6. iModulon Thresholds

iModulon thresholds are computed using an outlier test (See Methods section “Determination of the gene coefficient threshold” in Sastry et al 2019). This outlier test relies on the D’Agostino test statistic.

However, if you are working with an understudied organism, we recommend setting the thresholds using the K-means method when creating the :class:~pymodulon.core.IcaData object.

[1]:
from pymodulon.example_data import load_ecoli_data
from pymodulon.core import IcaData
[2]:
ica_data = load_ecoli_data()

6.1. Setting the threshold method

You can choose between the D’Agostino or K-means method of thresholding when creating the :class:~pymodulon.core.IcaData object.

[3]:
test_data = IcaData(ica_data.M,
                    ica_data.A,
                    trn=ica_data.trn,
                    threshold_method='dagostino')

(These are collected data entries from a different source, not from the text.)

lemma card_gaps_below_2m: "finite J \<Longrightarrow> card (gaps_below_2m m J) = m - 1 + card J"
  unfolding gaps_below_2m_def by (subst card_Un_disjoint) (auto simp: card_image inj_on_def)

lemma complement_eq_gaps_below_3m:
  assumes "numerical_semigroup L" "L \<noteq> UNIV"
    and "frobenius L = 2 * multiplicity L + k" "k < multiplicity L"
  shows "UNIV - L = gaps_below_3m (multiplicity L) k {a. a < k \<and> multiplicity L + a \<in> L}
    (shifted_gaps L (multiplicity L + k + 1) (multiplicity L - k - 1))
    (shifted_gaps L (2 * multiplicity L) k)"
proof (rule set_eqI)
  fix x
  let ?m = "multiplicity L"
  have f: "2 * ?m + k \<notin> L" using frobenius_notin[OF assms(1,2)] assms(3) by simp
  have "?m + k \<notin> L"
    using numerical_semigroup_add[OF assms(1) multiplicity_in(1)[OF assms(1)], of "?m + k"] f
    by (auto simp: add_ac mult_2)
  moreover have "0 \<in> L" using assms(1) by (simp add: numerical_semigroup_def)
  moreover have "x \<le> 2 * ?m + k \<or> x \<in> L"
    using greater_frobenius_in[OF assms(1), of x] assms(3) by linarith
  moreover have "x = 0 \<or> ?m \<le> x \<or> x \<notin> L" using less_multiplicity_notin by fastforce
  ultimately show "x \<in> UNIV - L \<longleftrightarrow> x \<in> gaps_below_3m ?m k {a. a < k \<and> ?m + a \<in> L}
    (shifted_gaps L (?m + k + 1) (?m - k - 1)) (shifted_gaps L (2 * ?m) k)"
    unfolding mem_gaps_below_3m shifted_gaps_def using f assms(4)
    by auto
qed

lemma card_gaps_below_3m:
  assumes "A \<subseteq> {..<k}" "J \<subseteq> {..<m - k - 1}" "C \<subseteq> {..<k}" "k < m"
  shows "card (gaps_below_3m m k A J C) = m - 1 + (k - card A) + card J + card C + 2"
proof -
  have fin: "finite A" "finite J" "finite C"
    using assms(1-3) by (auto intro: finite_subset)
  let ?P1 = "{1..<m}" and ?P2 = "(+) m ` ({..<k} - A)" and ?P4 = "(+) (m + k + 1) ` J"
    and ?P5 = "(+) (2 * m) ` C"
  have "card (gaps_below_3m m k A J C)
      = card (?P1 \<union> ?P2 \<union> {m + k} \<union> ?P4 \<union> ?P5) + card {2 * m + k}"
    unfolding gaps_below_3m_def using fin assms
    by (intro card_Un_at_split[where c = "2 * m + k"]) auto
  also have "card (?P1 \<union> ?P2 \<union> {m + k} \<union> ?P4 \<union> ?P5) = card (?P1 \<union> ?P2 \<union> {m + k} \<union> ?P4) + card ?P5"
    using fin assms by (intro card_Un_at_split[where c = "2 * m"]) auto
  also have "card (?P1 \<union> ?P2 \<union> {m + k} \<union> ?P4) = card (?P1 \<union> ?P2 \<union> {m + k}) + card ?P4"
    using fin assms by (intro card_Un_at_split[where c = "m + k + 1"]) auto
  also have "card (?P1 \<union> ?P2 \<union> {m + k}) = card (?P1 \<union> ?P2) + card {m + k}"
    using fin by (intro card_Un_at_split[where c = "m + k"]) auto
  also have "card (?P1 \<union> ?P2) = card ?P1 + card ?P2"
    using fin by (intro card_Un_at_split[where c = m]) auto
  also have "card ?P2 = k - card A"
    using assms(1) fin by (simp add: card_image card_Diff_subset)
  finally show ?thesis using fin by (simp add: card_image inj_on_def)
qed
lemma colourable_extend_vertices:
  assumes "finite S" "finite E" "\<forall>x\<in>S. degree E x < 2 * m"
    and "colourable (V - S) (delete_vertices V E S) m"
  shows "\<exists>F\<subseteq>E. card F \<le> card S \<and> colourable V (E - F) m"
  using assms
proof (induction S arbitrary: E rule: finite_induct)
  case empty
  then show ?case
    by (intro exI[of _ "{}"]) simp
next
  case (insert x S)
  have "degree E x < 2 * m"
    using insert.prems(2) by simp
  then obtain X where X: "X \<subseteq> E" "card X \<le> 1"
      "colourable (V - S) (delete_vertices V (E - X) S) m"
    using colourable_extend_vertex[OF insert.prems(1) _ insert.prems(3)] by blast
  have "degree (E - X) y \<le> degree E y" for y
    unfolding degree_def using insert.prems(1) by (intro card_mono) auto
  then have "\<forall>y\<in>S. degree (E - X) y < 2 * m"
    using insert.prems(2) by (meson insertCI le_less_trans)
  moreover have "finite (E - X)"
    using insert.prems(1) by simp
  ultimately obtain F where F: "F \<subseteq> E - X" "card F \<le> card S" "colourable V (E - X - F) m"
    using insert.IH X(3) by blast
  have "card (X \<union> F) \<le> card (insert x S)"
    using card_Un_le[of X F] X(2) F(2) insert.hyps by simp
  moreover have "E - (X \<union> F) = E - X - F"
    by blast
  ultimately show ?case
    using X(1) F(1,3) by (intro exI[of _ "X \<union> F"]) auto
qed

lemma es_chi_le_vs_chi:
  assumes G: "simple_graph V E"
    and degree_lt: "\<forall>x\<in>V. degree E x < 2 * (chromatic_number V E - 1)"
  shows "es_chi V E \<le> vs_chi V E"
proof -
  obtain S where S: "S \<subseteq> V" "card S = vs_chi V E"
      "chromatic_number (V - S) (delete_vertices V E S) = chromatic_number V E - 1"
    using vs_chi_witness[OF G] .
  have "finite S"
    using S(1) simple_graph_finite_vertices[OF G] by (rule finite_subset)
  moreover have "\<forall>x\<in>S. degree E x < 2 * (chromatic_number V E - 1)"
    using S(1) degree_lt by blast
  moreover have "colourable (V - S) (delete_vertices V E S) (chromatic_number V E - 1)"
    using colourable_chromatic_number[OF simple_graph_delete_vertices[OF G], of S] S(3) by simp
  ultimately have "\<exists>F\<subseteq>E. card F \<le> card S \<and> colourable V (E - F) (chromatic_number V E - 1)"
    by (rule colourable_extend_vertices[OF _ simple_graph_finite_edges[OF G]])
  then obtain F where F: "F \<subseteq> E" "card F \<le> card S"
      "colourable V (E - F) (chromatic_number V E - 1)"
    by blast
  have "es_chi V E \<le> card F"
    using F(1) chromatic_number_le[OF F(3)] by (rule es_chi_le[OF G])
  then show ?thesis
    using F(2) S(2) by simp
qed

theorem theorem4:
  fixes V :: "'a set" and E :: "'a set set"
  assumes "simple_graph V E"
    and "E \<noteq> {}"
    and "real (chromatic_number V E) > real (max_degree V E) / 2 + 1"
  shows "vs_chi V E = es_chi V E"
proof (rule antisym)
  show "vs_chi V E \<le> es_chi V E"
    using assms(1,2) by (rule vs_chi_le_es_chi)
  have "max_degree V E < 2 * (chromatic_number V E - 1)"
    using assms(3) by linarith
  moreover have "degree E x \<le> max_degree V E" if "x \<in> V" for x
    unfolding max_degree_def using that simple_graph_finite_vertices[OF assms(1)] by simp
  ultimately show "es_chi V E \<le> vs_chi V E"
    by (intro es_chi_le_vs_chi[OF assms(1)] ballI) (meson le_less_trans)
qed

test_data.thresholds['ArgR']
WARNING:root:Using the default dagostino_cutoff of 550. This may not be optimal for your dataset. Use ica_data.reoptimize_thresholds() to find the optimal threshold.
[3]:
0.0804412723

A higher D’Agostino cutoff leads to higher thresholds. The default is 550.

[4]:
test_data = IcaData(ica_data.M,
                    ica_data.A,
                    trn=ica_data.trn,
                    threshold_method='dagostino',
                    dagostino_cutoff=5000)

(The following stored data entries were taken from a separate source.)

(* Let $K\ge2$, $\theta>1$, $T>0$, and let $\xi_1,\dots,\xi_K$ be $C^1$ real functions on $[T,\infty)$ satisfying, for all $t\ge T$, $$\dot\xi_1=-t^{-1}\gamma_1\big(e^{-(\xi_2-\xi_1)}-1\big)+O(t^{-\theta}),$$ $$\dot\xi_k=t^{-1}\Big(\gamma_{k-1}\big(e^{-(\xi_k-\xi_{k-1})}-1\big)-\gamma_k\big(e^{-(\xi_{k+1}-\xi_k)}-1\big)\Big)+O(t^{-\theta}),\quad 2\le k\le K-1,$$ $$\dot\xi_K=t^{-1}\gamma_{K-1}\big(e^{-(\xi_K-\xi_{K-1})}-1\big)+O(t^{-\theta}),$$ where $\gamma_k=\frac{k(K-k)}{2}$ and each $O(t^{-\theta})$ is bounded in absolute value by $Ct^{-\theta}$ for a fixed $C$. Assume moreover that $\sup_{t\ge T}|\sum_{k=1}^K\xi_k(t)|<\infty$. Then there exists $M>0$ with $|\xi_k(t)|\le M$ for all $k=1,\dots,K$ and all $t\ge T$. *)

theory Defs
  imports "HOL-Analysis.Analysis"
begin

definition gam :: "nat \<Rightarrow> nat \<Rightarrow> real" where
  "gam K k = real k * (real K - real k) / 2"

end

theory Submission
  imports Defs
begin

text \<open>
  Put x_k = \<xi>_{k+1} - \<xi>_k and b_k = \<gamma>_k (exp(-x_k) - 1); then b_0 = b_K = 0 and the system
  reads \<xi>_k' = (b_{k-1} - b_k)/t + O(t^-\<theta>). The gap energy E = \<Sum>_k \<gamma>_k (exp(-x_k) + x_k) has
  E' = -\<Sum>_k b_k (\<xi>_{k+1}' - \<xi>_k'), which summation by parts turns into -\<Sum>_k \<xi>_k' (b_{k-1} - b_k).
  Completing the square against the equations bounds this by K C^2 t^(1-2\<theta>)/4, which is
  integrable because \<theta> > 1, so E stays bounded. As |x| \<le> exp(-x) + x and \<gamma>_k \<ge> 1/2, every gap
  x_k is bounded, and with the bounded sum \<Sum>_k \<xi>_k this bounds every \<xi>_k.
\<close>

lemma summation_by_parts_nat:
  fixes b y :: "nat \<Rightarrow> 'a::comm_ring"
  assumes "b 0 = 0"
  shows "(\<Sum>k=1..<n. b k * (y (Suc k) - y k)) = b n * y n - (\<Sum>k=1..n. y k * (b k - b (k - 1)))"
proof (induction n)
  case 0
  then show ?case using assms by simp
next
  case (Suc n)
  show ?case
  proof (cases "n = 0")
    case True
    then show ?thesis using assms by (simp add: algebra_simps)
  next
    case False
    then have "{1..<Suc n} = insert n {1..<n}" by auto
    then show ?thesis using Suc by (simp add: algebra_simps)
  qed
qed

lemma neg_mult_le_quarter_square:
  fixes a d c :: real
  assumes "\<bar>a - d\<bar> \<le> c"
  shows "- (a * d) \<le> c\<^sup>2 / 4"
proof -
  have "(a - d)\<^sup>2 \<le> c\<^sup>2"
    using assms by (meson abs_ge_zero abs_le_square_iff order_trans abs_ge_self)
  moreover have "- (a * d) = ((a - d)\<^sup>2 - (a + d)\<^sup>2) / 4"
    by (simp add: power2_eq_square algebra_simps)
  moreover have "0 \<le> (a + d)\<^sup>2" by simp
  ultimately show ?thesis by (smt (verit) divide_right_mono)
qed

lemma dissipation_le:
  fixes b y :: "nat \<Rightarrow> real" and n :: nat and t e :: real
  assumes "b 0 = 0" "b n = 0" "t > 0"
    and near: "\<And>k. 1 \<le> k \<Longrightarrow> k \<le> n \<Longrightarrow> \<bar>y k - (b (k - 1) - b k) / t\<bar> \<le> e"
  shows "- (\<Sum>k=1..<n. b k * (y (Suc k) - y k)) \<le> real n * t * e\<^sup>2 / 4"
proof -
  have "- (\<Sum>k=1..<n. b k * (y (Suc k) - y k)) = (\<Sum>k=1..n. y k * (b k - b (k - 1)))"
    using summation_by_parts_nat[of b y n] assms(1,2) by simp
  also have "\<dots> = (\<Sum>k=1..n. t * - (y k * ((b (k - 1) - b k) / t)))"
    using \<open>t > 0\<close> by (intro sum.cong) (auto simp: field_simps)
  also have "\<dots> \<le> (\<Sum>k=1..n. t * (e\<^sup>2 / 4))"
    using near \<open>t > 0\<close> by (intro sum_mono mult_left_mono neg_mult_le_quarter_square) auto
  finally show ?thesis by simp
qed

lemma bounded_above_if_deriv_le_powr:
  fixes F F' :: "real \<Rightarrow> real"
  assumes "T > 0" "p > 1" "D \<ge> 0" "t \<ge> T"
    and deriv: "\<And>s. s \<ge> T \<Longrightarrow> (F has_real_derivative F' s) (at s within {T..})"
    and le: "\<And>s. s \<ge> T \<Longrightarrow> F' s \<le> D * s powr (- p)"
  shows "F t \<le> F T + D * T powr (1 - p) / (p - 1)"
proof -
  define H where "H s = F s + D * s powr (1 - p) / (p - 1)" for s
  have dH: "(H has_real_derivative F' s - D * s powr (- p)) (at s within {T..})" if "s \<ge> T" for s
  proof -
    have "s > 0" using that \<open>T > 0\<close> by linarith
    have "((\<lambda>s. s powr (1 - p)) has_real_derivative (1 - p) * s powr (1 - p - 1)) (at s within {T..})"
      by (rule has_field_derivative_at_within[OF has_real_derivative_powr[OF \<open>s > 0\<close>]])
    then have "(H has_real_derivative F' s + D * ((1 - p) * s powr (1 - p - 1)) / (p - 1)) (at s within {T..})"
      unfolding H_def[abs_def] by (intro DERIV_add deriv[OF that] DERIV_cdivide DERIV_cmult)
    moreover have "D * ((1 - p) * s powr (1 - p - 1)) / (p - 1) = - D * s powr (- p)"
      using \<open>p > 1\<close> by (simp add: field_simps)
    ultimately show ?thesis by simp
  qed
  have "H t \<le> H T"
  proof (rule DERIV_nonpos_imp_decreasing_open[OF \<open>t \<ge> T\<close>])
    fix s assume s: "T < s" "s < t"
    then have "at s within {T..} = at s" by (intro at_within_interior) auto
    then show "\<exists>y. (H has_real_derivative y) (at s) \<and> y \<le> 0"
      using dH[of s] le[of s] s by auto
  next
    have "continuous_on {T..} H"
      unfolding continuous_on_eq_continuous_within using dH DERIV_continuous by (metis atLeast_iff)
    then show "continuous_on {T..t} H" by (rule continuous_on_subset) auto
  qed
  moreover have "D * t powr (1 - p) / (p - 1) \<ge> 0" using assms(2,3) by simp
  ultimately show ?thesis by (simp add: H_def)
qed

lemma abs_le_exp_minus_add: "\<bar>x\<bar> \<le> exp (- x) + (x::real)"
proof (cases "x \<ge> 0")
  case True
  then show ?thesis using exp_gt_zero[of "- x"] by simp
next
  case False
  \<comment> \<open>\<open>e\<^sup>-\<^sup>x = (e\<^sup>-\<^sup>x\<^sup>/\<^sup>2)\<^sup>2 \<ge> (1 - x/2)\<^sup>2 \<ge> -2x\<close>\<close>
  have "(1 - x / 2)\<^sup>2 \<le> (exp (- x / 2))\<^sup>2"
    using exp_ge_add_one_self[of "- x / 2"] False by (intro power_mono) auto
  moreover have "(exp (- x / 2))\<^sup>2 = exp (- x)" by (simp flip: exp_of_nat_mult)
  moreover have "(1 - x / 2)\<^sup>2 = -2 * x + (1 + x / 2)\<^sup>2" by (simp add: power2_eq_square algebra_simps)
  ultimately show ?thesis using False by (smt (verit) zero_le_power2)
qed

lemma abs_diff_le_of_gaps:
  fixes y :: "nat \<Rightarrow> real"
  assumes gaps: "\<And>k. 1 \<le> k \<Longrightarrow> k < n \<Longrightarrow> \<bar>y (Suc k) - y k\<bar> \<le> X"
    and "1 \<le> i" "i \<le> j" "j \<le> n"
  shows "\<bar>y j - y i\<bar> \<le> real (j - i) * X"
  using \<open>i \<le> j\<close> \<open>j \<le> n\<close>
proof (induction j rule: dec_induct)
  case base
  then show ?case by simp
next
  case (step j)
  then have "\<bar>y (Suc j) - y j\<bar> \<le> X" using gaps \<open>1 \<le> i\<close> by simp
  then show ?case using step by (simp add: Suc_diff_le algebra_simps)
qed

lemma abs_le_of_gaps_and_sum:
  fixes y :: "nat \<Rightarrow> real"
  assumes gaps: "\<And>k. 1 \<le> k \<Longrightarrow> k < n \<Longrightarrow> \<bar>y (Suc k) - y k\<bar> \<le> X"
    and sum: "\<bar>\<Sum>j=1..n. y j\<bar> \<le> S" and "0 \<le> X" and k: "1 \<le> k" "k \<le> n"
  shows "\<bar>y k\<bar> \<le> S / n + n * X"
proof -
  have pair: "\<bar>y k - y j\<bar> \<le> n * X" if "j \<in> {1..n}" for j
  proof (cases "k \<le> j")
    case True
    then have "\<bar>y j - y k\<bar> \<le> real (j - k) * X"
      using that k by (intro abs_diff_le_of_gaps[of n y X, OF gaps]) auto
    moreover have "real (j - k) * X \<le> n * X" using \<open>0 \<le> X\<close> that by (intro mult_right_mono) auto
    ultimately show ?thesis by (simp add: abs_minus_commute)
  next
    case False
    then have "\<bar>y k - y j\<bar> \<le> real (k - j) * X"
      using that k by (intro abs_diff_le_of_gaps[of n y X, OF gaps]) auto
    moreover have "real (k - j) * X \<le> n * X" using \<open>0 \<le> X\<close> k by (intro mult_right_mono) auto
    ultimately show ?thesis by simp
  qed
  have "real n * \<bar>y k\<bar> = \<bar>(\<Sum>j=1..n. y j) + (\<Sum>j=1..n. y k - y j)\<bar>"
    by (simp add: abs_mult sum_subtractf)
  also have "\<dots> \<le> \<bar>\<Sum>j=1..n. y j\<bar> + (\<Sum>j=1..n. \<bar>y k - y j\<bar>)"
    using abs_triangle_ineq sum_abs by (rule order_trans[OF _ add_left_mono])
  also have "\<dots> \<le> S + real n * (n * X)"
    using sum sum_mono[of "{1..n}" "\<lambda>j. \<bar>y k - y j\<bar>", OF pair] by simp
  finally have "real n * \<bar>y k\<bar> \<le> S + real n * (n * X)" .
  then show ?thesis using k by (simp add: field_simps)
qed

lemma gam_0 [simp]: "gam K 0 = 0" and gam_self [simp]: "gam K K = 0"
  by (simp_all add: gam_def)

lemma gam_nonneg: "k \<le> K \<Longrightarrow> 0 \<le> gam K k"
  by (simp add: gam_def)

lemma gam_ge_half: "1 \<le> k \<Longrightarrow> k < K \<Longrightarrow> 1 / 2 \<le> gam K k"
proof -
  assume "1 \<le> k" "k < K"
  then have "1 \<le> real k" "1 \<le> real K - real k" by auto
  then have "1 \<le> real k * (real K - real k)" by (metis mult_mono' mult_1 zero_le_one)
  then show ?thesis by (simp add: gam_def)
qed

definition flux :: "nat \<Rightarrow> (nat \<Rightarrow> real \<Rightarrow> real) \<Rightarrow> nat \<Rightarrow> real \<Rightarrow> real" where
  "flux K \<xi> k t = gam K k * (exp (- (\<xi> (Suc k) t - \<xi> k t)) - 1)"

definition gap_energy :: "nat \<Rightarrow> (nat \<Rightarrow> real \<Rightarrow> real) \<Rightarrow> real \<Rightarrow> real" where
  "gap_energy K \<xi> t = (\<Sum>k=1..<K. gam K k * (exp (- (\<xi> (Suc k) t - \<xi> k t)) + (\<xi> (Suc k) t - \<xi> k t)))"

lemma flux_0 [simp]: "flux K \<xi> 0 t = 0" and flux_self [simp]: "flux K \<xi> K t = 0"
  by (simp_all add: flux_def)

lemma has_real_derivative_gap_energy:
  assumes "\<And>k. 1 \<le> k \<Longrightarrow> k \<le> K \<Longrightarrow> (\<xi> k has_real_derivative \<xi>' k t) (at t within S)"
  shows "(gap_energy K \<xi> has_real_derivative
            - (\<Sum>k=1..<K. flux K \<xi> k t * (\<xi>' (Suc k) t - \<xi>' k t))) (at t within S)"
proof -
  have "((\<lambda>s. gam K k * (exp (- (\<xi> (Suc k) s - \<xi> k s)) + (\<xi> (Suc k) s - \<xi> k s))) has_real_derivative
          - (flux K \<xi> k t * (\<xi>' (Suc k) t - \<xi>' k t))) (at t within S)" if "k \<in> {1..<K}" for k
    using that unfolding flux_def
    by (auto intro!: derivative_eq_intros assms simp: algebra_simps)
  then show ?thesis
    unfolding gap_energy_def[abs_def] sum_negf[symmetric] by (rule DERIV_sum)
qed

lemma gap_le_gap_energy:
  assumes "1 \<le> k" "k < K"
  shows "\<bar>\<xi> (Suc k) t - \<xi> k t\<bar> \<le> 2 * gap_energy K \<xi> t"
proof -
  define e where "e j = exp (- (\<xi> (Suc j) t - \<xi> j t)) + (\<xi> (Suc j) t - \<xi> j t)" for j
  have bound: "\<bar>\<xi> (Suc j) t - \<xi> j t\<bar> \<le> e j" for j
    unfolding e_def by (rule abs_le_exp_minus_add)
  then have e_nonneg: "0 \<le> e j" for j by (rule order_trans[OF abs_ge_zero])
  have "gam K k * e k \<le> gap_energy K \<xi> t"
    unfolding gap_energy_def e_def[symmetric] using assms e_nonneg
    by (intro member_le_sum mult_nonneg_nonneg gam_nonneg) auto
  moreover have "e k / 2 \<le> gam K k * e k"
    using mult_right_mono[OF gam_ge_half[OF assms] e_nonneg[of k]] by simp
  ultimately show ?thesis using bound[of k] by linarith
qed

lemma derivative_near_flux_difference:
  fixes K :: nat and \<xi> \<xi>' :: "nat \<Rightarrow> real \<Rightarrow> real"
  assumes "K \<ge> 2" "1 \<le> k" "k \<le> K"
    and eq1: "\<bar>\<xi>' 1 t - (- (1/t) * gam K 1 * (exp (- (\<xi> 2 t - \<xi> 1 t)) - 1))\<bar> \<le> r"
    and eqk: "\<And>k. 2 \<le> k \<Longrightarrow> k \<le> K - 1 \<Longrightarrow>
       \<bar>\<xi>' k t - (1/t) * (gam K (k-1) * (exp (- (\<xi> k t - \<xi> (k-1) t)) - 1)
                        - gam K k * (exp (- (\<xi> (k+1) t - \<xi> k t)) - 1))\<bar> \<le> r"
    and eqK: "\<bar>\<xi>' K t - (1/t) * gam K (K-1) * (exp (- (\<xi> K t - \<xi> (K-1) t)) - 1)\<bar> \<le> r"
  shows "\<bar>\<xi>' k t - (flux K \<xi> (k - 1) t - flux K \<xi> k t) / t\<bar> \<le> r"
proof -
  consider "k = 1" | "k = K" | "2 \<le> k" "k \<le> K - 1" using assms(1-3) by linarith
  then show ?thesis
  proof cases
    case 1
    then show ?thesis using eq1 by (simp add: flux_def numeral_2_eq_2)
  next
    case 2
    then have "Suc (k - 1) = k" using assms(1) by simp
    then show ?thesis using eqK 2 by (simp add: flux_def)
  next
    case 3
    then have "Suc (k - 1) = k" by simp
    then show ?thesis using eqk[OF 3] by (simp add: flux_def diff_divide_distrib)
  qed
qed

theorem mainTheorem13:
  fixes K :: nat and \<theta> T C :: real
    and \<xi> \<xi>' :: "nat \<Rightarrow> real \<Rightarrow> real"
  assumes K2: "K \<ge> 2" and th: "\<theta> > 1" and Tpos: "T > 0"
    and deriv: "\<And>k t. 1 \<le> k \<Longrightarrow> k \<le> K \<Longrightarrow> t \<ge> T \<Longrightarrow>
                  (\<xi> k has_real_derivative \<xi>' k t) (at t within {T..})"
    and contderiv: "\<And>k. 1 \<le> k \<Longrightarrow> k \<le> K \<Longrightarrow> continuous_on {T..} (\<xi>' k)"
    and eq1: "\<And>t. t \<ge> T \<Longrightarrow>
       \<bar>\<xi>' 1 t - (- (1/t) * gam K 1 * (exp (- (\<xi> 2 t - \<xi> 1 t)) - 1))\<bar> \<le> C * t powr (-\<theta>)"
    and eqk: "\<And>k t. 2 \<le> k \<Longrightarrow> k \<le> K - 1 \<Longrightarrow> t \<ge> T \<Longrightarrow>
       \<bar>\<xi>' k t - (1/t) * (gam K (k-1) * (exp (- (\<xi> k t - \<xi> (k-1) t)) - 1)
                        - gam K k * (exp (- (\<xi> (k+1) t - \<xi> k t)) - 1))\<bar> \<le> C * t powr (-\<theta>)"
    and eqK: "\<And>t. t \<ge> T \<Longrightarrow>
       \<bar>\<xi>' K t - (1/t) * gam K (K-1) * (exp (- (\<xi> K t - \<xi> (K-1) t)) - 1)\<bar> \<le> C * t powr (-\<theta>)"
    and sumbdd: "bdd_above ((\<lambda>t. \<bar>\<Sum>k=1..K. \<xi> k t\<bar>) ` {T..})"
  shows "\<exists>M>0. \<forall>k\<in>{1..K}. \<forall>t\<ge>T. \<bar>\<xi> k t\<bar> \<le> M"
proof -
  define D where "D = real K * C\<^sup>2 / 4"
  define E' where "E' t = - (\<Sum>k=1..<K. flux K \<xi> k t * (\<xi>' (Suc k) t - \<xi>' k t))" for t
  have dissipation: "E' t \<le> D * t powr (- (2 * \<theta> - 1))" if t: "t \<ge> T" for t
  proof -
    have "t > 0" using t Tpos by linarith
    have "E' t \<le> real K * t * (C * t powr (- \<theta>))\<^sup>2 / 4"
      unfolding E'_def using \<open>t > 0\<close> eq1[OF t] eqk[OF _ _ t] eqK[OF t] K2
      by (intro dissipation_le derivative_near_flux_difference) auto
    also have "\<dots> = D * (t powr 1 * t powr (- \<theta>) * t powr (- \<theta>))"
      using \<open>t > 0\<close> by (simp add: D_def power2_eq_square)
    also have "\<dots> = D * t powr (1 + - \<theta> + - \<theta>)" by (simp only: powr_add)
    finally show ?thesis by (simp add: algebra_simps)
  qed
  have dE: "(gap_energy K \<xi> has_real_derivative E' t) (at t within {T..})" if "t \<ge> T" for t
    unfolding E'_def using deriv that by (intro has_real_derivative_gap_energy) auto
  define B where "B = gap_energy K \<xi> T + D * T powr (1 - (2 * \<theta> - 1)) / (2 * \<theta> - 1 - 1)"
  have energy_bounded: "gap_energy K \<xi> t \<le> B" if "t \<ge> T" for t
    unfolding B_def using Tpos th that
    by (intro bounded_above_if_deriv_le_powr[OF _ _ _ _ dE dissipation]) (auto simp: D_def)
  have gaps: "\<bar>\<xi> (Suc k) t - \<xi> k t\<bar> \<le> 2 * B" if "1 \<le> k" "k < K" "t \<ge> T" for k t
    using gap_le_gap_energy[OF that(1,2), of \<xi> t] energy_bounded[OF that(3)] by linarith
  obtain S where S: "\<And>t. t \<ge> T \<Longrightarrow> \<bar>\<Sum>k=1..K. \<xi> k t\<bar> \<le> S"
    using sumbdd by (auto simp: bdd_above_def)
  have "0 \<le> 2 * B" using gaps[of 1 T] K2 by (auto intro: order_trans[OF abs_ge_zero])
  have "\<bar>\<xi> k t\<bar> \<le> S / K + K * (2 * B)" if "k \<in> {1..K}" "t \<ge> T" for k t
    using gaps[OF _ _ \<open>t \<ge> T\<close>] S[OF \<open>t \<ge> T\<close>] \<open>0 \<le> 2 * B\<close> that(1)
    by (intro abs_le_of_gaps_and_sum[where y = "\<lambda>j. \<xi> j t"]) auto
  then show ?thesis by (intro exI[of _ "max 1 (S / K + K * (2 * B))"]) force
qed

end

test_data.thresholds['ArgR']
[4]:
0.26879279035000003

To search for the optimal D’Agostino cutoff, set optimize_cutoff=True. To demonstrate this, we created a mini IcaData object since optimizing the cutoff can take 2-3 minutes.

[5]:
test_data = IcaData(ica_data.M.iloc[:,:10],
                    ica_data.A.iloc[:10,:],
                    trn=ica_data.trn,
                    threshold_method='dagostino',
                    optimize_cutoff=True)

test_data.thresholds['ArgR']
WARNING:root:Optimizing iModulon thresholds, may take 2-3 minutes...
[5]:
0.0945705206

The K-means method is a non-parametric threshold estimation method and is the default if no TRN is supplied. Although the thresholds are fairly close to the D’Agostino method, the D’Agostino method produces the highest accuracy iModulons.

[6]:
test_data = IcaData(ica_data.M,
                    ica_data.A,
                    threshold_method='kmeans')

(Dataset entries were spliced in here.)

lemma wt_majorant_mult_le: "wt_majorant a * wt_majorant b \<le> (real (a + b) + 1) * wt_majorant (a + b + 1)"
proof -
  consider "b = 0" | "a = 0" | "a \<ge> 1" "b \<ge> 1" by linarith
  then show ?thesis
  proof cases
    case 1
    then show ?thesis using wt_majorant_le_Suc[of a] by (simp add: wt_majorant_def)
  next
    case 2
    then show ?thesis using wt_majorant_le_Suc[of b] by (simp add: wt_majorant_def)
  next
    case 3
    have "1 \<le> real a * real b" using 3 by (simp add: Suc_le_eq flip: of_nat_mult)
    moreover have "0 \<le> (real a - real b) ^ 2" by simp
    ultimately have "3 * (real a + 1) * (real b + 1) \<le> (real a + real b + 1) * (real a + real b + 2)"
      by (simp add: algebra_simps power2_eq_square)
    then have ineq: "5/4 * (real a + 1) * (real b + 1) \<le> (real a + real b + 1) * (real a + real b + 2) * (5/12)"
      by (simp add: algebra_simps)
    have "wt_majorant a * wt_majorant b = 5/4 * (5/12) ^ (a + b) * (5/4 * (real a + 1) * (real b + 1))"
      using 3 by (simp add: wt_majorant_def power_add mult_ac)
    also have "\<dots> \<le> 5/4 * (5/12) ^ (a + b) * ((real a + real b + 1) * (real a + real b + 2) * (5/12))"
      using ineq by (intro mult_left_mono) auto
    also have "\<dots> = (real (a + b) + 1) * wt_majorant (a + b + 1)"
      by (simp add: wt_majorant_def mult_ac)
    finally show ?thesis .
  qed
qed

test_data.thresholds['ArgR']
[6]:
0.1375202039

6.2. Changing the iModulon thresholds

If the TRN file is updated, the D’Agostino test statistic can be re-optimized using the reoptimize_thresholds function. To manually adjust this statistic, use the recompute_thresholds function. To change a single iModulon threshold, use the change_threshold function.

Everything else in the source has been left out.